→ **What the exercise asks**:
Print nothing but the lines below starting at the line that holds "(\<forall>E\<in>sets borel. \<forall>y." and ending at the line that holds "measure \<Rightarrow> ('b", including both, each exactly as written.

→ **Entries supplied**:
(* Let $K_1,K_2$ be compact spaces, $G$ a compact group with Haar probability measure $\lambda$, $f_i\colon K_i\to G$ continuous surjections and $\mu_i\in P(K_i)$ with $f_i[\mu_i]=\lambda$ ($i=1,2$), and $f=f_1\times f_2\colon K_1\times K_2\to G\times G$. For a finite Borel partition $\mathcal E$ of $G$ and $y\in G$ define, for $D\in Bor(K_1\times K_2)$, $$\mu_{y,\mathcal E}(D)=\sum_{E\in\mathcal E^\ast}\frac{(\mu_1\otimes\mu_2)\big(D\cap(f_1^{-1}[E]\times f_2^{-1}[E\oplus y])\big)}{\lambda(E)}.$$ Then $\mu_{y,\mathcal E}\in P(K_1\times K_2)$, $f[\mu_{y,\mathcal E}]=\nu_{y,\mathcal E}$, and $\mu_{y,\mathcal E}(A\times K_2)=\mu_1(A)$, $\mu_{y,\mathcal E}(K_1\times B)=\mu_2(B)$ for all Borel $A\subseteq K_1$, $B\subseteq K_2$.
   Context: $G=(G,\oplus)$ is a compact Hausdorff group with Haar probability measure $\lambda$; $E\oplus y=\{e\oplus y:e\in E\}$. $\mathcal E^\ast$ is the set of $E\in\mathcal E$ with $\lambda(E)>0$. $P(X)$ is the set of regular Borel probability measures on the compact space $X$; $g[\mu](A)=\mu(g^{-1}[A])$ is the image measure. $\mu_1\otimes\mu_2$ and $\lambda_2=\lambda\otimes\lambda$ denote the product measures, extended uniquely to regular Borel probability measures. $\nu_{y,\mathcal E}$ is the measure on $G\times G$ given by $\nu_{y,\mathcal E}(D)=\sum_{E\in\mathcal E^\ast}\lambda_2\big(D\cap(E\times(E\oplus y))\big)/\lambda(E)$. *)

theory Defs
  imports "HOL-Probability.Probability"
begin

definition regular_borel_prob :: "'a::topological_space measure \<Rightarrow> bool" where
  "regular_borel_prob M \<longleftrightarrow>
     prob_space M \<and> sets M = sets borel \<and>
     (\<forall>A\<in>sets M. emeasure M A = (SUP K\<in>{K. K \<subseteq> A \<and> compact K}. emeasure M K))"

text \<open>Product of two regular Borel probability measures, extended (uniquely) to a regular
  Borel probability measure on the Borel sets of the product space: the unique element of
  P(X\<times>Y) that agrees with the product measure on the product sigma-algebra.\<close>
definition reg_prod :: "'a::topological_space measure \<Rightarrow> 'b::topological_space measure
    \<Rightarrow> ('a \<times> 'b) measure" where
  "reg_prod M N = (THE R. regular_borel_prob R \<and>
      (\<forall>D\<in>sets (M \<Otimes>\<^sub>M N). emeasure R D = emeasure (M \<Otimes>\<^sub>M N) D))"

text \<open>Haar probability measure on a compact group (bi-invariant, as Haar measure on a compact
  group is).\<close>
definition haar_prob :: "'g::topological_group_add measure \<Rightarrow> bool" where
  "haar_prob L \<longleftrightarrow> regular_borel_prob L \<and>
     (\<forall>E\<in>sets borel. \<forall>y. measure L ((\<lambda>e. e + y) ` E) = measure L E
                        \<and> measure L ((\<lambda>e. y + e) ` E) = measure L E)"

definition finite_borel_partition :: "'a::topological_space set set \<Rightarrow> bool" where
  "finite_borel_partition P \<longleftrightarrow> finite P \<and> P \<subseteq> sets borel \<and> \<Union>P = UNIV \<and>
     (\<forall>E\<in>P. \<forall>F\<in>P. E \<noteq> F \<longrightarrow> E \<inter> F = {})"

definition image_measure_eq :: "('a \<Rightarrow> 'b::topological_space) \<Rightarrow> 'a measure \<Rightarrow> ('b set \<Rightarrow> real) \<Rightarrow> bool" where
  "image_measure_eq g M \<nu> \<longleftrightarrow> (\<forall>D\<in>sets borel. measure M (g -` D) = \<nu> D)"

definition pos_part :: "'g measure \<Rightarrow> 'g set set \<Rightarrow> 'g set set" where
  "pos_part L P = {E\<in>P. measure L E > 0}"

definition nu_yE :: "'g::topological_group_add measure \<Rightarrow> 'g \<Rightarrow> 'g set set \<Rightarrow> ('g \<times> 'g) set \<Rightarrow> real" where
  "nu_yE L y P D = (\<Sum>E\<in>pos_part L P.
      measure (reg_prod L L) (D \<inter> (E \<times> ((\<lambda>e. e + y) ` E))) / measure L E)"

definition mu_yE :: "'g::topological_group_add measure \<Rightarrow> 'a::topological_space measure \<Rightarrow>
    'b::topological_space measure \<Rightarrow> ('a \<Rightarrow> 'g) \<Rightarrow> ('b \<Rightarrow> 'g) \<Rightarrow> 'g \<Rightarrow> 'g set set \<Rightarrow>
    ('a \<times> 'b) set \<Rightarrow> real" where
  "mu_yE L M1 M2 f1 f2 y P D = (\<Sum>E\<in>pos_part L P.
      measure (reg_prod M1 M2) (D \<inter> (f1 -` E \<times> f2 -` ((\<lambda>e. e + y) ` E))) / measure L E)"

end

theory Submission
  imports Defs
begin
(* Let $F$ be a number field, $v$ a non-archimedean place of $F$, and $(m,u)\in\mathcal{O}_F\times\mathcal{O}_F^\times$ with $m^2-4u\notin F^2$. Let $\gamma_{m,u}=\begin{pmatrix}0&1\\-u&m\end{pmatrix}$ and let $\mathrm{G}_{\gamma_{m,u}}(F_v)$ be its centralizer in $\mathrm{GL}_2(F_v)$. If there is $\alpha\in F_v$ with $\alpha^2-m\alpha+u=0$, let $\alpha_1,\alpha_2$ be the roots of $x^2-mx+u$ in $F_v$; then \[ \left\{\begin{pmatrix}1&u^{-1}\alpha_i\\ \alpha_i&1\end{pmatrix}: i\in\{1,2\}\right\}\cup\left\{\begin{pmatrix}1&x\\ \alpha_i&0\end{pmatrix}: x\in F_v^\times,\ i\in\{1,2\}\right\}\cup\left\{\begin{pmatrix}1&x\\0&y\end{pmatrix}: x\in F_v,\ y\in F_v^\times\right\} \] is a set of representatives of $\mathrm{G}_{\gamma_{m,u}}(F_v)\backslash\mathrm{GL}_2(F_v)$. If there is no $\alpha\in F_v$ with $\alpha^2-m\alpha+u=0$, then $\left\{\begin{pmatrix}1&x\\0&y\end{pmatrix}: x\in F_v,\ y\in F_v^\times\right\}$ is a set of representatives of $\mathrm{G}_{\gamma_{m,u}}(F_v)\backslash\mathrm{GL}_2(F_v)$.
   Context: $F_v$ is the completion of $F$ at $v$ and $\mathcal{O}_F$ the ring of integers of $F$. *)

theory Defs
  imports "HOL-Analysis.Analysis"
begin

definition mat2 :: "'a::zero \<Rightarrow> 'a \<Rightarrow> 'a \<Rightarrow> 'a \<Rightarrow> 'a^2^2" where
  "mat2 a b c d = (\<chi> i j. if i = 1 then (if j = 1 then a else b) else (if j = 1 then c else d))"

definition GL2 :: "(('a::field)^2^2) set" where
  "GL2 = {g. invertible g}"

definition centralizer_GL2 :: "('a::field)^2^2 \<Rightarrow> ('a^2^2) set" where
  "centralizer_GL2 \<gamma> = {g \<in> GL2. g ** \<gamma> = \<gamma> ** g}"

definition gamma_mu :: "'a::field \<Rightarrow> 'a \<Rightarrow> 'a^2^2" where
  "gamma_mu m u = mat2 0 1 (- u) m"

definition is_rep_set :: "(('a::field)^2^2) set \<Rightarrow> ('a^2^2) set \<Rightarrow> bool" where
  "is_rep_set H R \<longleftrightarrow> R \<subseteq> GL2 \<and>
     (\<forall>g \<in> GL2. \<exists>!r. r \<in> R \<and> (\<exists>h \<in> H. r = h ** g))"

end

theory Submission
  imports Defs
begin

(* The centralizer H of \<gamma> = \<gamma>_{m,u} consists of the invertible matrices a + b \<gamma>, so the
   coset H g is governed by how these act on the columns of g.  If the first column of g is not an
   eigenvector of \<gamma>, it is a cyclic vector and exactly one a + b \<gamma> moves it to (1, 0); the second
   column is then arbitrary up to invertibility.  Otherwise it spans the eigenline of a root \<alpha>
   of x^2 - m x + u.  The covectors (m - \<alpha>, -1) and (\<alpha>, -1) diagonalize every a + b \<gamma>, with
   eigenvalues a + b \<alpha> and a + b (m - \<alpha>), which can be prescribed independently because the
   roots are distinct.  The first eigenvalue normalizes the first column to (1, \<alpha>), after which
   the (m - \<alpha>, -1)-coordinate of the second column is invariant; the second eigenvalue rescales
   its other coordinate, bringing the second column to (\<alpha> / u, 1) if the invariant vanishes and
   to (x, 0) otherwise. *)

lemma mat2_nth [simp]:
  "mat2 a b c d $ 1 $ 1 = a" "mat2 a b c d $ 1 $ 2 = b"
  "mat2 a b c d $ 2 $ 1 = c" "mat2 a b c d $ 2 $ 2 = d"
  by (simp_all add: mat2_def)

lemma mat2_eq_iff: "mat2 a b c d = mat2 a' b' c' d' \<longleftrightarrow> a = a' \<and> b = b' \<and> c = c' \<and> d = d'"
  by (auto simp: vec_eq_iff forall_2 mat2_def)

lemma mat2_cases:
  fixes g :: "'a::zero^2^2"
  obtains a b c d where "g = mat2 a b c d"
  using that[of "g$1$1" "g$1$2" "g$2$1" "g$2$2"] by (simp add: vec_eq_iff forall_2)

lemma mat2_mult:
  fixes a b c d :: "'a::comm_ring_1"
  shows "mat2 a b c d ** mat2 a' b' c' d' =
    mat2 (a*a' + b*c') (a*b' + b*d') (c*a' + d*c') (c*b' + d*d')"
  by (simp add: vec_eq_iff forall_2 matrix_matrix_mult_def sum_2)

lemma mat2_one: "mat2 1 0 0 1 = (mat 1 :: 'a::{zero,one}^2^2)"
  by (simp add: vec_eq_iff forall_2 mat_def)

lemma det_mat2: "det (mat2 a b c d) = a*d - b*(c::'a::comm_ring_1)"
  by (simp add: det_2)

lemma mat2_in_GL2_iff: "mat2 a b c d \<in> GL2 \<longleftrightarrow> a*d - b*(c::'a::field) \<noteq> 0"
  by (simp add: GL2_def invertible_det_nz det_mat2)

lemma invertible_left_cancel:
  fixes L A B :: "'a::comm_ring_1^'n^'n"
  assumes "invertible L" and "L ** A = L ** B"
  shows "A = B"
proof -
  obtain L' where "L' ** L = mat 1" using assms(1) invertible_def by blast
  then show ?thesis by (metis assms(2) matrix_mul_assoc matrix_mul_lid)
qed

lemma is_rep_set_intro:
  fixes H R :: "('a::field^2^2) set"
  assumes "R \<subseteq> GL2"
    and mult: "\<And>h h'. h \<in> H \<Longrightarrow> h' \<in> H \<Longrightarrow> h ** h' \<in> H"
    and left_inverse: "\<And>h. h \<in> H \<Longrightarrow> \<exists>h'\<in>H. h' ** h = mat 1"
    and meets: "\<And>g :: 'a^2^2. g \<in> GL2 \<Longrightarrow> \<exists>h\<in>H. h ** g \<in> R"
    and stabilizes: "\<And>h r. h \<in> H \<Longrightarrow> r \<in> R \<Longrightarrow> h ** r \<in> R \<Longrightarrow> h ** r = r"
  shows "is_rep_set H R"
  unfolding is_rep_set_def
proof (intro conjI ballI assms(1))
  fix g :: "'a^2^2" assume "g \<in> GL2"
  then obtain h where h: "h \<in> H" "h ** g \<in> R" using meets by blast
  show "\<exists>!r. r \<in> R \<and> (\<exists>h\<in>H. r = h ** g)"
  proof (rule ex1I)
    show "h ** g \<in> R \<and> (\<exists>h'\<in>H. h ** g = h' ** g)" using h by blast
  next
    fix r assume "r \<in> R \<and> (\<exists>h'\<in>H. r = h' ** g)"
    then obtain h' where r: "r \<in> R" "h' \<in> H" "r = h' ** g" by blast
    obtain k where k: "k \<in> H" "k ** h = mat 1" using left_inverse h(1) by blast
    have "r = (h' ** k) ** (h ** g)"
      using r(3) k(2) by (metis matrix_mul_assoc matrix_mul_lid)
    then show "r = h ** g" using stabilizes[OF mult[OF r(2) k(1)] h(2)] r(1) by simp
  qed
qed

lemma centralizer_GL2_mult:
  "h \<in> centralizer_GL2 c \<Longrightarrow> h' \<in> centralizer_GL2 c \<Longrightarrow> h ** h' \<in> centralizer_GL2 c"
  unfolding centralizer_GL2_def GL2_def
  by (auto simp: invertible_mult) (metis matrix_mul_assoc)

lemma centralizer_GL2_left_inverse:
  assumes "h \<in> centralizer_GL2 c"
  shows "\<exists>h'\<in>centralizer_GL2 c. h' ** h = mat 1"
proof -
  from assms have "invertible h" and hc: "h ** c = c ** h"
    unfolding centralizer_GL2_def GL2_def by auto
  then obtain h' where hh': "h ** h' = mat 1" and h'h: "h' ** h = mat 1"
    unfolding invertible_def by blast
  have "h' ** c = h' ** (c ** h) ** h'"
    using hh' by (metis matrix_mul_assoc matrix_mul_rid)
  also have "\<dots> = c ** h'"
    using h'h by (metis hc matrix_mul_assoc matrix_mul_lid)
  finally have "h' ** c = c ** h'" .
  moreover have "invertible h'" using hh' h'h unfolding invertible_def by blast
  ultimately show ?thesis using h'h unfolding centralizer_GL2_def GL2_def by blast
qed

(* a + b \<gamma>_{m,u} *)
definition gamma_poly :: "'a::comm_ring_1 \<Rightarrow> 'a \<Rightarrow> 'a \<Rightarrow> 'a \<Rightarrow> 'a^2^2" where
  "gamma_poly m u a b = mat2 a b (- u * b) (a + m * b)"

lemma centralizer_gamma_mu_iff:
  fixes m u :: "'a::field"
  shows "h \<in> centralizer_GL2 (gamma_mu m u) \<longleftrightarrow> h \<in> GL2 \<and> (\<exists>a b. h = gamma_poly m u a b)"
proof -
  obtain p q r s where h: "h = mat2 p q r s" by (rule mat2_cases)
  have "h ** gamma_mu m u = gamma_mu m u ** h \<longleftrightarrow> r = - u * q \<and> s = p + m * q"
    unfolding h gamma_mu_def mat2_mult mat2_eq_iff by (auto simp: algebra_simps)
  then show ?thesis
    unfolding centralizer_GL2_def h gamma_poly_def mat2_eq_iff by auto
qed

lemma centralizer_gamma_mu_cases:
  fixes m u :: "'a::field"
  assumes "h \<in> centralizer_GL2 (gamma_mu m u)"
  obtains a b where "h = gamma_poly m u a b" and "det (gamma_poly m u a b) \<noteq> 0"
  using assms by (auto simp: centralizer_gamma_mu_iff GL2_def invertible_det_nz)

lemma det_gamma_poly: "det (gamma_poly m u a b) = a * (a + m * b) + u * b^2"
  by (simp add: gamma_poly_def det_mat2 algebra_simps power2_eq_square)

lemma gamma_poly_one: "gamma_poly m u 1 0 = mat 1"
  by (simp add: gamma_poly_def mat2_one)

lemma quadratic_root_const:
  fixes m u \<alpha> :: "'a::comm_ring_1"
  assumes "\<alpha>^2 - m * \<alpha> + u = 0"
  shows "u = m * \<alpha> - \<alpha>^2"
proof -
  have "u = (\<alpha>^2 - m * \<alpha> + u) - (\<alpha>^2 - m * \<alpha>)" by simp
  also have "\<dots> = m * \<alpha> - \<alpha>^2" using assms by simp
  finally show ?thesis .
qed

lemma quadratic_root_facts:
  fixes m u \<alpha> :: "'a::field"
  assumes u: "u \<noteq> 0" and d: "m^2 - 4 * u \<noteq> 0" and root: "\<alpha>^2 - m * \<alpha> + u = 0"
  shows "\<alpha> \<noteq> 0" and "\<alpha> * (m - \<alpha>) = u" and "m - \<alpha> \<noteq> 0" and "\<alpha> \<noteq> m - \<alpha>"
proof -
  show "\<alpha> \<noteq> 0" using u root by auto
  show "\<alpha> * (m - \<alpha>) = u"
    by (simp add: quadratic_root_const[OF root] algebra_simps power2_eq_square)
  then show "m - \<alpha> \<noteq> 0" using u by auto
  have "(m - 2 * \<alpha>)^2 = m^2 - 4 * u + 4 * (\<alpha>^2 - m * \<alpha> + u)"
    by (simp add: algebra_simps power2_eq_square)
  then have "(m - 2 * \<alpha>)^2 \<noteq> 0" using d root by simp
  then show "\<alpha> \<noteq> m - \<alpha>" by auto
qed

lemma det_gamma_poly_root:
  fixes m u \<alpha> :: "'a::comm_ring_1"
  assumes "\<alpha>^2 - m * \<alpha> + u = 0"
  shows "det (gamma_poly m u a b) = (a + b * \<alpha>) * (a + b * (m - \<alpha>))"
  by (simp add: quadratic_root_const[OF assms] det_gamma_poly algebra_simps power2_eq_square)

definition eigen_covectors :: "'a::comm_ring_1 \<Rightarrow> 'a \<Rightarrow> 'a^2^2" where
  "eigen_covectors m \<alpha> = mat2 (m - \<alpha>) (- 1) \<alpha> (- 1)"

lemma eigen_covectors_mult:
  "eigen_covectors m \<alpha> ** mat2 p q r z =
    mat2 ((m - \<alpha>) * p - r) ((m - \<alpha>) * q - z) (\<alpha> * p - r) (\<alpha> * q - z)"
  by (simp add: eigen_covectors_def mat2_mult)
(* For every $\epsilon > 0$ there exists a constant $C(\epsilon) > 0$ such that for every graph $G$ at least one of the following holds: (i) $\chi(G) \leq \left(\frac{1}{2} + \epsilon\right)\omega(G) + \frac{\Delta(G) + 2}{2}$; (ii) $\kappa(\overline{G}) \geq C(\epsilon)\log(|G|)$.
   Context: All graphs are finite and simple with non-empty vertex set. $|G|$ is the number of vertices, $\chi$ the chromatic number, $\omega$ the clique number, $\Delta$ the maximum degree. $\overline{G}$ is the complement of $G$, and $\kappa(\overline{G})$ is its vertex connectivity: the minimum size of a set $K$ of vertices with $\overline{G}-K$ disconnected, or $|G|-1$ if $\overline{G}$ is complete. *)

theory Defs
  imports Main Complex_Main
begin

definition simple_graph :: "'a set \<Rightarrow> ('a \<Rightarrow> 'a \<Rightarrow> bool) \<Rightarrow> bool" where
  "simple_graph V E \<longleftrightarrow> finite V \<and> V \<noteq> {} \<and>
     (\<forall>x y. E x y \<longrightarrow> x \<in> V \<and> y \<in> V) \<and>
     (\<forall>x y. E x y \<longrightarrow> E y x) \<and> (\<forall>x. \<not> E x x)"

definition proper_colouring :: "'a set \<Rightarrow> ('a \<Rightarrow> 'a \<Rightarrow> bool) \<Rightarrow> nat \<Rightarrow> ('a \<Rightarrow> nat) \<Rightarrow> bool" where
  "proper_colouring V E k f \<longleftrightarrow> (\<forall>x\<in>V. f x < k) \<and> (\<forall>x\<in>V. \<forall>y\<in>V. E x y \<longrightarrow> f x \<noteq> f y)"

definition chromatic_number :: "'a set \<Rightarrow> ('a \<Rightarrow> 'a \<Rightarrow> bool) \<Rightarrow> nat" where
  "chromatic_number V E = (LEAST k. \<exists>f. proper_colouring V E k f)"

definition is_clique :: "'a set \<Rightarrow> ('a \<Rightarrow> 'a \<Rightarrow> bool) \<Rightarrow> 'a set \<Rightarrow> bool" where
  "is_clique V E S \<longleftrightarrow> S \<subseteq> V \<and> (\<forall>x\<in>S. \<forall>y\<in>S. x \<noteq> y \<longrightarrow> E x y)"

definition clique_number :: "'a set \<Rightarrow> ('a \<Rightarrow> 'a \<Rightarrow> bool) \<Rightarrow> nat" where
  "clique_number V E = Max (card ` {S. is_clique V E S})"

definition degree :: "'a set \<Rightarrow> ('a \<Rightarrow> 'a \<Rightarrow> bool) \<Rightarrow> 'a \<Rightarrow> nat" where
  "degree V E x = card {y\<in>V. E x y}"

definition max_degree :: "'a set \<Rightarrow> ('a \<Rightarrow> 'a \<Rightarrow> bool) \<Rightarrow> nat" where
  "max_degree V E = Max (degree V E ` V)"

definition complement :: "'a set \<Rightarrow> ('a \<Rightarrow> 'a \<Rightarrow> bool) \<Rightarrow> ('a \<Rightarrow> 'a \<Rightarrow> bool)" where
  "complement V E = (\<lambda>x y. x \<in> V \<and> y \<in> V \<and> x \<noteq> y \<and> \<not> E x y)"

definition is_complete :: "'a set \<Rightarrow> ('a \<Rightarrow> 'a \<Rightarrow> bool) \<Rightarrow> bool" where
  "is_complete V E \<longleftrightarrow> (\<forall>x\<in>V. \<forall>y\<in>V. x \<noteq> y \<longrightarrow> E x y)"

definition disconnected :: "'a set \<Rightarrow> ('a \<Rightarrow> 'a \<Rightarrow> bool) \<Rightarrow> bool" where
  "disconnected W E \<longleftrightarrow> (\<exists>A B. A \<noteq> {} \<and> B \<noteq> {} \<and> A \<union> B = W \<and> A \<inter> B = {} \<and>
      (\<forall>a\<in>A. \<forall>b\<in>B. \<not> E a b))"

definition vertex_connectivity :: "'a set \<Rightarrow> ('a \<Rightarrow> 'a \<Rightarrow> bool) \<Rightarrow> nat" where
  "vertex_connectivity V E =
     (if is_complete V E then card V - 1
      else (LEAST k. \<exists>K. K \<subseteq> V \<and> card K = k \<and> disconnected (V - K) E))"

end

theory Submission
  imports Defs "HOL-Library.Ramsey"
begin

text \<open>
  If the complement of \<open>G\<close> is complete the second alternative is trivial. Otherwise a minimum
  separator \<open>K\<close> of the complement splits \<open>V - K\<close> into nonempty parts \<open>A\<close> and \<open>B\<close> such that
  every vertex of \<open>A\<close> is adjacent in \<open>G\<close> to every vertex of \<open>B\<close>. Hence cliques of \<open>A\<close> and \<open>B\<close>
  combine, a vertex of \<open>A\<close> sees all of \<open>B\<close> and vice versa, and the bound
  \<open>4 chi(H) \<le> 2 omega(H) + Delta(H) + |H| + 2\<close>, valid for every graph \<open>H\<close>, applied to \<open>A\<close> and \<open>B\<close>
  gives \<open>chi(G) \<le> |K| + omega/2 + Delta/2 + 1\<close>. So if the first alternative fails,
  \<open>epsilon omega < |K|\<close>. Ramsey's theorem gives \<open>5 chi(H) \<le> |H| + 5 2^(omega(H)+6)\<close>; since
  \<open>|A|, |B| \<le> Delta\<close>, the failure of the first alternative also forces
  \<open>|G| < 21 |K| + 1280 2^omega < exp((1/epsilon + 2048) |K|)\<close>.

  The bound for \<open>H\<close> is proved by deleting maximum independent sets while \<open>alpha(H) \<ge> 3\<close> (each
  deletion lowers \<open>Delta\<close>, and \<open>|H|\<close> by at least 3, at the cost of one colour). When
  \<open>alpha(H) \<le> 2\<close>, the edges of a maximum matching \<open>M\<close> of the complement and the unmatched
  vertices \<open>U\<close> form a colouring, and the absence of augmenting paths of length 1, 3 and 5
  exhibits two cliques whose sizes add up to \<open>2|U| + |D| - 1\<close>, where \<open>D\<close> is the set of
  non-neighbours of an unmatched vertex.
\<close>

definition is_independent :: "'a set \<Rightarrow> ('a \<Rightarrow> 'a \<Rightarrow> bool) \<Rightarrow> 'a set \<Rightarrow> bool" where
  "is_independent V E S \<longleftrightarrow> S \<subseteq> V \<and> (\<forall>x\<in>S. \<forall>y\<in>S. \<not> E x y)"

definition independence_number :: "'a set \<Rightarrow> ('a \<Rightarrow> 'a \<Rightarrow> bool) \<Rightarrow> nat" where
  "independence_number V E = Max (card ` {S. is_independent V E S})"

lemma finite_cliques: "finite V \<Longrightarrow> finite {S. is_clique V E S}"
  by (rule finite_subset[of _ "Pow V"]) (auto simp: is_clique_def)

lemma card_le_clique_number:
  assumes "finite V" "is_clique V E S"
  shows "card S \<le> clique_number V E"
  unfolding clique_number_def using assms by (auto intro: Max_ge finite_cliques)

lemma clique_number_attained:
  assumes "finite V"
  obtains S where "is_clique V E S" "card S = clique_number V E"
proof -
  have "is_clique V E {}" by (simp add: is_clique_def)
  then have "clique_number V E \<in> card ` {S. is_clique V E S}"
    unfolding clique_number_def using assms by (intro Max_in finite_imageI finite_cliques) auto
  then show ?thesis using that by auto
qed

lemma clique_number_mono:
  assumes "finite V" "W \<subseteq> V"
  shows "clique_number W E \<le> clique_number V E"
proof -
  obtain S where "is_clique W E S" "card S = clique_number W E"
    using clique_number_attained assms finite_subset by metis
  moreover from this(1) have "is_clique V E S"
    using assms(2) by (auto simp: is_clique_def)
  ultimately show ?thesis
    using card_le_clique_number[OF assms(1)] by metis
qed

lemma is_clique_subset: "is_clique V E A \<Longrightarrow> B \<subseteq> A \<Longrightarrow> is_clique V E B"
  by (auto simp: is_clique_def)

lemma finite_independent_sets: "finite V \<Longrightarrow> finite {S. is_independent V E S}"
  by (rule finite_subset[of _ "Pow V"]) (auto simp: is_independent_def)

lemma card_le_independence_number:
  assumes "finite V" "is_independent V E S"
  shows "card S \<le> independence_number V E"
  unfolding independence_number_def using assms by (auto intro: Max_ge finite_independent_sets)

lemma independence_number_attained:
  assumes "finite V"
  obtains S where "is_independent V E S" "card S = independence_number V E"
proof -
  have "is_independent V E {}" by (simp add: is_independent_def)
  then have "independence_number V E \<in> card ` {S. is_independent V E S}"
    unfolding independence_number_def using assms
    by (intro Max_in finite_imageI finite_independent_sets) auto
  then show ?thesis using that by auto
qed

lemma complement_vertices: "complement V E x y \<Longrightarrow> x \<in> V \<and> y \<in> V"
  by (simp add: complement_def)

lemma complement_irrefl: "\<not> complement V E x x"
  by (simp add: complement_def)

lemma degree_le_max_degree: "finite V \<Longrightarrow> x \<in> V \<Longrightarrow> degree V E x \<le> max_degree V E"
  unfolding max_degree_def by simp

lemma max_degree_attained:
  assumes "finite V" "V \<noteq> {}"
  obtains x where "x \<in> V" "degree V E x = max_degree V E"
proof -
  have "max_degree V E \<in> degree V E ` V" unfolding max_degree_def using assms by (intro Max_in) auto
  then show ?thesis using that by auto
qed

lemma degree_mono: "finite V \<Longrightarrow> W \<subseteq> V \<Longrightarrow> degree W E x \<le> degree V E x"
  unfolding degree_def by (rule card_mono) auto

lemma max_degree_mono:
  assumes "finite V" "W \<subseteq> V" "W \<noteq> {}"
  shows "max_degree W E \<le> max_degree V E"
proof -
  obtain x where "x \<in> W" "degree W E x = max_degree W E"
    using max_degree_attained assms finite_subset by metis
  then show ?thesis
    using degree_mono[OF assms(1,2)] degree_le_max_degree[OF assms(1)] assms(2) by (metis le_trans subsetD)
qed

lemma card_le_Suc_non_neighbours_max_degree:
  assumes "finite V" "v \<in> V"
  shows "card V \<le> Suc (card {y. complement V E v y} + max_degree V E)"
proof -
  let ?S = "{y. complement V E v y} \<union> {y \<in> V. E v y}"
  have "finite ?S"
    using assms(1) by (rule rev_finite_subset) (auto simp: complement_def)
  have "V \<subseteq> insert v ?S"
    using assms(2) by (auto simp: complement_def)
  then have "card V \<le> card (insert v ?S)"
    using \<open>finite ?S\<close> by (intro card_mono) auto
  also have "\<dots> \<le> Suc (card ?S)"
    using \<open>finite ?S\<close> by (simp add: card_insert_if)
  also have "\<dots> \<le> Suc (card {y. complement V E v y} + degree V E v)"
    unfolding degree_def by (simp add: card_Un_le)
  also have "\<dots> \<le> Suc (card {y. complement V E v y} + max_degree V E)"
    using degree_le_max_degree[OF assms] by simp
  finally show ?thesis .
qed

→ **Written response**:
     (\<forall>E\<in>sets borel. \<forall>y. measure L ((\<lambda>e. e + y) ` E) = measure L E
                        \<and> measure L ((\<lambda>e. y + e) ` E) = measure L E)"

definition finite_borel_partition :: "'a::topological_space set set \<Rightarrow> bool" where
  "finite_borel_partition P \<longleftrightarrow> finite P \<and> P \<subseteq> sets borel \<and> \<Union>P = UNIV \<and>
     (\<forall>E\<in>P. \<forall>F\<in>P. E \<noteq> F \<longrightarrow> E \<inter> F = {})"

definition image_measure_eq :: "('a \<Rightarrow> 'b::topological_space) \<Rightarrow> 'a measure \<Rightarrow> ('b set \<Rightarrow> real) \<Rightarrow> bool" where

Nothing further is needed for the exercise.